Про удар по лицу от Успенского он предпочёл не вспоминать.

– А утром двух вояк с вещами забрали, Маркова и Лося, а меня – в БУР…

Джаба Гивиевич погрузился в размышления. Чтобы наперекор всем правилам внутреннего распорядка в барак бросили охрану с боевым оружием, должно было случиться нечто сверхъестественное. И всё ради очкастого геометра? Или на самом деле явились за комкором? Нет, не его же надзиратели собой закрыли. Да и комкор – невелика птица. Даже если бы война началась и он потребовался – увезли бы без шороха. Впрочем, его ведь таки и увезли. «С вещами» – значит, на этап. Или – на волю. И «математика» увезли. На аэродром, это свои люди тоже выяснили.

Руки Ивакина в последний раз порхнули над столешницей.

– Ты когда выходишь?

– Кум обещал на этой неделе. Правда, до БУРа дело было. А так я свой срок уже год перехаживаю. И все у нас так. Даже таблички со статьей и началом-концом срока со шконок посдирали. Успенский сказал – когда я скажу, тогда и будет твой «звонок».

– Откинешься ты завтра, – уверенно сообщил профессор. – В Москву поедешь, я тебе дам адресок, навестишь одного человечка.

– Чего это – навестишь. Я, может, в Ташкент собрался. – Куцубин хотел что-то сказать, но под презрительным взглядом Джабы осёкся.

– В Ташкент поедешь, когда тебя «кум» освободит. А если я – будешь подо мной на цырлах бегать. Хвост поднимешь – сдохнешь. В БУРе и сдохнешь. Допетрил?

Куцый судорожно сглотнул, потом кивнул.

– Слава богу. Мне нужен этот «математик». Ты его тихонько, не поднимая волну, найдёшь. Месяц ищи, два ищи, но чтоб нашёл. Человечек поможет.

– И как мне его искать? Я не цветной, мы таким делам не обучены, мы больше наоборот, – заблажил Куцый.

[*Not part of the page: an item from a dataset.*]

(* Let $D^+$ and $D^-$ be oriented link diagrams that are identical except at one crossing, which is positive in $D^+$ and negative in $D^-$. Let $D_0^+$ be the diagram obtained from $D^+$ by the $0$-smoothing of this crossing, with the orientation inherited from $D^+$ (it coincides, as an oriented diagram, with the $1$-smoothing $D_1^-$ of $D^-$ at that crossing, with orientation inherited from $D^-$). Let $D_0^-=D_1^+$ be the diagram obtained by the other smoothing of that crossing (the $1$-smoothing of $D^+$, equivalently the $0$-smoothing of $D^-$), equipped with one arbitrary fixed orientation. Put $c^+ = n_-(D_1^+)-n_-(D^+)$ and $c^- = n_-(D_0^-)-n_-(D^-)$, where $n_-$ denotes the number of negative crossings (so $c^+=c^-+1$). Then for all integers $i,j$ the sequence \[ 0 \to C^{i-2,j-3}(D_0^+) \xrightarrow{\psi_1} C^{i-2,j-4}(D^-) \xrightarrow{\phi} C^{i,j}(D^+) \xrightarrow{\psi_2} C^{i,j-1}(D_0^+) \to 0 \] is exact, where $\psi_1$ is the inclusion map of the short exact sequence $0\to C^{a,b+1}(D_1^-)\to C^{a,b}(D^-)\to C^{a-c^-,b-3c^--1}(D_0^-)\to 0$ (taken with $(a,b)=(i-2,j-4)$), $\psi_2$ is the projection map of the short exact sequence $0\to C^{i-c^+-1,j-3c^+-2}(D_1^+)\to C^{i,j}(D^+)\to C^{i,j-1}(D_0^+)\to 0$, and $\phi=\phi_2\circ\phi_1$ with $\phi_1: C^{i-2,j-4}(D^-)\to C^{(i-2)-c^-,(j-4)-3c^--1}(D_0^-)$ the projection of the first of these short exact sequences and $\phi_2: C^{i-c^+-1,j-3c^+-2}(D_0^-)\to C^{i,j}(D^+)$ the inclusion of the second (these two groups are equal since $c^+=c^-+1$ and $D_0^-=D_1^+$).
   Context: Khovanov chain complex over $\mathbb{Q}$: let $D$ be an oriented link diagram with $n$ crossings numbered $1,\dots,n$, $n_+$ positive and $n_-$ negative crossings. Each crossing has a $0$-smoothing and a $1$-smoothing (the standard Khovanov/Kauffman-bracket $A$- and $B$-smoothings). For $\alpha\in\{0,1\}^n$ let $r_\alpha$ be the number of $1$'s and $k_\alpha$ the number of circles of the corresponding full smoothing. Let $V$ be the graded $\mathbb{Q}$-vector space with basis $e,x$, $\deg e=1$, $\deg x=-1$; for a graded space $W$, $W\{l\}^m=W^{m-l}$. Set $V_\alpha=V^{\otimes k_\alpha}\{r_\alpha+n_+-2n_-\}$ and $C^{i,*}(D)=\bigoplus_{r_\alpha=i+n_-}V_\alpha$; an element $v$ of $V_\alpha$ (homogeneous of degree $\deg v$ in $V^{\otimes k_\alpha}$) lies in $C^{i,j}(D)$ with $i=r_\alpha-n_-$ and $j=\deg v+r_\alpha+n_+-2n_-$. The differential $d:C^{i,*}\to C^{i+1,*}$ is the sum over edges $\zeta:\alpha\to\alpha'$ of the cube (changing one $0$ to a $1$) of $(-1)^{\#\{1\text{'s to the left of the changed position}\}}d_\zeta$, where $d_\zeta$ is the identity on circles not touching the changed crossing and is $m$ (merging two circles) or $\Delta$ (splitting one circle), with $m(e\otimes e)=e$, $m(e\otimes x)=m(x\otimes e)=x$, $m(x\otimes x)=0$, $\Delta(e)=e\otimes x+x\otimes e$, $\Delta(x)=x\otimes x$. For a positive crossing, the states with that crossing $0$-smoothed give a quotient complex identified (with the indicated shifts) with $C(D_0^+)$ and those with it $1$-smoothed give a subcomplex identified with $C(D_1^+)$, yielding the short exact sequence $0\to C^{i-c^+-1,j-3c^+-2}(D_1^+)\to C^{i,j}(D^+)\to C^{i,j-1}(D_0^+)\to0$; for a negative crossing similarly $0\to C^{i,j+1}(D_1^-)\to C^{i,j}(D^-)\to C^{i-c^-,j-3c^--1}(D_0^-)\to0$, where the first map includes the $1$-smoothed states and the second projects to the $0$-smoothed states. *)

theory Defs
  imports Complex_Main
begin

Профессор искусствоведения задумался. Правильнее было бы выйти на авторитетных людей да кого-то из них и попросить собрать шепотки с пересылок, крыток и прочих домов скорби. Однако Ивакин был хорошо осведомлён, как надёжно курируют органы все «советские малины». Развесёлые двадцатые годы, когда лихой налётчик Лёнька Пантелеев мог отсиживаться на неизвестных розыскникам хазах, давно прошли. Наученное горьким опытом государство в лице оперсотрудников наркомвнудела поставило под контроль всю криминальную структуру. Разве что еженедельные отчёты владельцы пристанищ операм пока ещё не писали. Ивакин мог заранее сказать, кто из серьёзных «бугров» сразу же доложит об интересе Джабы знакомцу из компетентных структур сам, а от кого информация придёт через окружение. А появление мелкого урки, известного, но не влиятельного, может пройти и незамеченным. Такие рыбёшки постоянно крутятся вокруг акул, надеясь либо оказаться замеченными, либо урвать кроху от пира великанов. Игорёк сумеет аккуратно шепнуть кому надо, что с балбесом поговорить стоит. И вряд ли привлечёт особое внимание факт, что мелкий гопник ищет кого-то из лагерных знакомцев. Во всяком случае, на заметку возьмут не сразу, а что вся наша жизнь, как не выигрывание добавочных часов и минут у неизбежной смерти?

– Лучше, если ты сумеешь того очкарика поискать по собственным связям, – сказал Джаба Куцему. – Если нет, тот, к кому я тебя посылаю, сведёт кое с какими людьми. Попросишь слёзно, глядишь, помогут. На меня ссылаться не надо. Сам ищешь. Должок у него, книжку взял почитать и не вернул. А книжка интересная, не оторваться…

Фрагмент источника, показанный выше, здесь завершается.